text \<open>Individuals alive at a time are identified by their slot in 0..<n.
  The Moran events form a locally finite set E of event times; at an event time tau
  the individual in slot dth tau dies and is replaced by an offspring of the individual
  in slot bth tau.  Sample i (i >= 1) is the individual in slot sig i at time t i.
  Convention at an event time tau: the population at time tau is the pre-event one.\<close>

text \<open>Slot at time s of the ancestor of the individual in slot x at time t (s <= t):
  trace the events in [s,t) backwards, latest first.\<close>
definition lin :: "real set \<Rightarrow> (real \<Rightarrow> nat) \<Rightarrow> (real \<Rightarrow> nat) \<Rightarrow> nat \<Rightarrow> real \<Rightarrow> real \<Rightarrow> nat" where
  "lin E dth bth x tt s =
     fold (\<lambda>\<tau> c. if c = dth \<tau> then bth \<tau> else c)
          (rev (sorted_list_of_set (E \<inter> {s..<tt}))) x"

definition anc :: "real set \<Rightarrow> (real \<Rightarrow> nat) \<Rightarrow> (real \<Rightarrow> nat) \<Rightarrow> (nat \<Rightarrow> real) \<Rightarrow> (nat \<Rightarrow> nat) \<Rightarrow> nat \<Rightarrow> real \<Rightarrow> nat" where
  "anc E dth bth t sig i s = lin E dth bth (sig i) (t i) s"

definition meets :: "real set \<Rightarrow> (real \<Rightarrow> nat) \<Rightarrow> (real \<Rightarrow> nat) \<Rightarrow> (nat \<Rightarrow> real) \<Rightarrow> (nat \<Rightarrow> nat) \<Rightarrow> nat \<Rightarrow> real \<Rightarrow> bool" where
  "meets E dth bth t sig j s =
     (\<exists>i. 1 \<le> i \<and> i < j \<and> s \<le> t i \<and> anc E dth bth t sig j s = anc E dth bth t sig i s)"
--
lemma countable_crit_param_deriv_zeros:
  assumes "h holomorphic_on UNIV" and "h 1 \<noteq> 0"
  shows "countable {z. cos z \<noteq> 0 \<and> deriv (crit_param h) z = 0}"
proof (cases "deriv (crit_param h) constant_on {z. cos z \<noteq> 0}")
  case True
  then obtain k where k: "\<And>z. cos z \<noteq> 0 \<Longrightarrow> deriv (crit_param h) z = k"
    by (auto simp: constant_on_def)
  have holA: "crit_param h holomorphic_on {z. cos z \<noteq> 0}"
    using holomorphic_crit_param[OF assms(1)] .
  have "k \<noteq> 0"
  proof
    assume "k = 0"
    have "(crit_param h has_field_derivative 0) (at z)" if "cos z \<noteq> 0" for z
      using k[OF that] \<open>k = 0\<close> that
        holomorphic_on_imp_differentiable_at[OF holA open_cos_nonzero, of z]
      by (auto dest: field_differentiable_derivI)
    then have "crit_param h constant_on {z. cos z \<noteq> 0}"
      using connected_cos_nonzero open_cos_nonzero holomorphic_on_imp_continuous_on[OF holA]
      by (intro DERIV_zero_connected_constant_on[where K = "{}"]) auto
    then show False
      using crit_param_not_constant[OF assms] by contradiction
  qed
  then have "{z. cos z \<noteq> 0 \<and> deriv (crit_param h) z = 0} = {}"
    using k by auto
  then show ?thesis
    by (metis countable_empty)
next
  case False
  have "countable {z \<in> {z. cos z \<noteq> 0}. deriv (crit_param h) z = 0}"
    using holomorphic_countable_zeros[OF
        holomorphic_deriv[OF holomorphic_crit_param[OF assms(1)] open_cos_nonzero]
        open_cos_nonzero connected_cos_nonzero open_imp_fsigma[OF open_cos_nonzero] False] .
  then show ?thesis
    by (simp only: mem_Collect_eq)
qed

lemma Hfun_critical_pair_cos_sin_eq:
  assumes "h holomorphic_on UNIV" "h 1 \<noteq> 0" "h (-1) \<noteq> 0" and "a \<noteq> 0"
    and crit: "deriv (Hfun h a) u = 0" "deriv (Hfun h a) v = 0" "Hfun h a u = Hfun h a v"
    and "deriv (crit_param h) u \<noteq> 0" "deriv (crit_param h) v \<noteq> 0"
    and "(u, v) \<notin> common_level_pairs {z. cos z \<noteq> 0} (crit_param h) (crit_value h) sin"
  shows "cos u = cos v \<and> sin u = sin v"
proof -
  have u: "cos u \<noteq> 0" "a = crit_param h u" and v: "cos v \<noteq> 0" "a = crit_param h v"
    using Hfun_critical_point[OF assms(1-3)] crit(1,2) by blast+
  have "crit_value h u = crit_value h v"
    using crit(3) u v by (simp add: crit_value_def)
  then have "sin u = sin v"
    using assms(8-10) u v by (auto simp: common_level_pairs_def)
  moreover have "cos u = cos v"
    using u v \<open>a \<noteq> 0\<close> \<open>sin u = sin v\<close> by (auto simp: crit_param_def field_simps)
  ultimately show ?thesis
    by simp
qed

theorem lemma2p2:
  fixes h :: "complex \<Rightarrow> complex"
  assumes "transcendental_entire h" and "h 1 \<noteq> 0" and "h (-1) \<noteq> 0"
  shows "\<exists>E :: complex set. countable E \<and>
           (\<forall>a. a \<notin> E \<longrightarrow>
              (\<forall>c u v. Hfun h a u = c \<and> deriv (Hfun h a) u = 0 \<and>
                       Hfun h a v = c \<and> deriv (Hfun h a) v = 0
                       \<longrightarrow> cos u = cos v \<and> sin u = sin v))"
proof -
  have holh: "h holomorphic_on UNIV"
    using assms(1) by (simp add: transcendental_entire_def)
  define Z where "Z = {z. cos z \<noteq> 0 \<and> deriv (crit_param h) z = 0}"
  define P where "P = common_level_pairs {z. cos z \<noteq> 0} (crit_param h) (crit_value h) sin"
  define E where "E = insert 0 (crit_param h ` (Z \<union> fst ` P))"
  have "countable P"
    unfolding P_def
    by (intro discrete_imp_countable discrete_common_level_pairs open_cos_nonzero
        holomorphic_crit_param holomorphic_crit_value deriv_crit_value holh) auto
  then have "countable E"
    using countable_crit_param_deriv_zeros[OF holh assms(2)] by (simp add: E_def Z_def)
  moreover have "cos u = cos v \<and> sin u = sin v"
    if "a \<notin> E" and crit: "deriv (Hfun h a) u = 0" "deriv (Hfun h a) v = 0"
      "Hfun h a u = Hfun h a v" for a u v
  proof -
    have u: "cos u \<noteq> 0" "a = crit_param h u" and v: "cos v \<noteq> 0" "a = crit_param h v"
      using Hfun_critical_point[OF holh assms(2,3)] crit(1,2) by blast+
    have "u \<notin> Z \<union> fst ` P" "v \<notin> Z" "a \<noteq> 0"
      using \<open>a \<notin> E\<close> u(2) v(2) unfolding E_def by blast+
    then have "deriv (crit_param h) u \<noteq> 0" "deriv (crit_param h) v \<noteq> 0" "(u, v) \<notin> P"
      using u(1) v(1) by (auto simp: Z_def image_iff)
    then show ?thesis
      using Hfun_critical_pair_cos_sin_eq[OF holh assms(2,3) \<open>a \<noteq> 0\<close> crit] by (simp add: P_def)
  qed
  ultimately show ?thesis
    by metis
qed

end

→ **THE TASK**
Give back, word for word, only the lines above from the line holding "text \<open>Individuals alive" to the line holding "(\<exists>i. 1 \<le>", both included.

→ **TASK SOLUTION**
text \<open>Individuals alive at a time are identified by their slot in 0..<n.
  The Moran events form a locally finite set E of event times; at an event time tau
  the individual in slot dth tau dies and is replaced by an offspring of the individual
  in slot bth tau.  Sample i (i >= 1) is the individual in slot sig i at time t i.
  Convention at an event time tau: the population at time tau is the pre-event one.\<close>

text \<open>Slot at time s of the ancestor of the individual in slot x at time t (s <= t):
  trace the events in [s,t) backwards, latest first.\<close>
definition lin :: "real set \<Rightarrow> (real \<Rightarrow> nat) \<Rightarrow> (real \<Rightarrow> nat) \<Rightarrow> nat \<Rightarrow> real \<Rightarrow> real \<Rightarrow> nat" where
  "lin E dth bth x tt s =
     fold (\<lambda>\<tau> c. if c = dth \<tau> then bth \<tau> else c)
          (rev (sorted_list_of_set (E \<inter> {s..<tt}))) x"

definition anc :: "real set \<Rightarrow> (real \<Rightarrow> nat) \<Rightarrow> (real \<Rightarrow> nat) \<Rightarrow> (nat \<Rightarrow> real) \<Rightarrow> (nat \<Rightarrow> nat) \<Rightarrow> nat \<Rightarrow> real \<Rightarrow> nat" where
  "anc E dth bth t sig i s = lin E dth bth (sig i) (t i) s"

definition meets :: "real set \<Rightarrow> (real \<Rightarrow> nat) \<Rightarrow> (real \<Rightarrow> nat) \<Rightarrow> (nat \<Rightarrow> real) \<Rightarrow> (nat \<Rightarrow> nat) \<Rightarrow> nat \<Rightarrow> real \<Rightarrow> bool" where
  "meets E dth bth t sig j s =
     (\<exists>i. 1 \<le> i \<and> i < j \<and> s \<le> t i \<and> anc E dth bth t sig j s = anc E dth bth t sig i s)"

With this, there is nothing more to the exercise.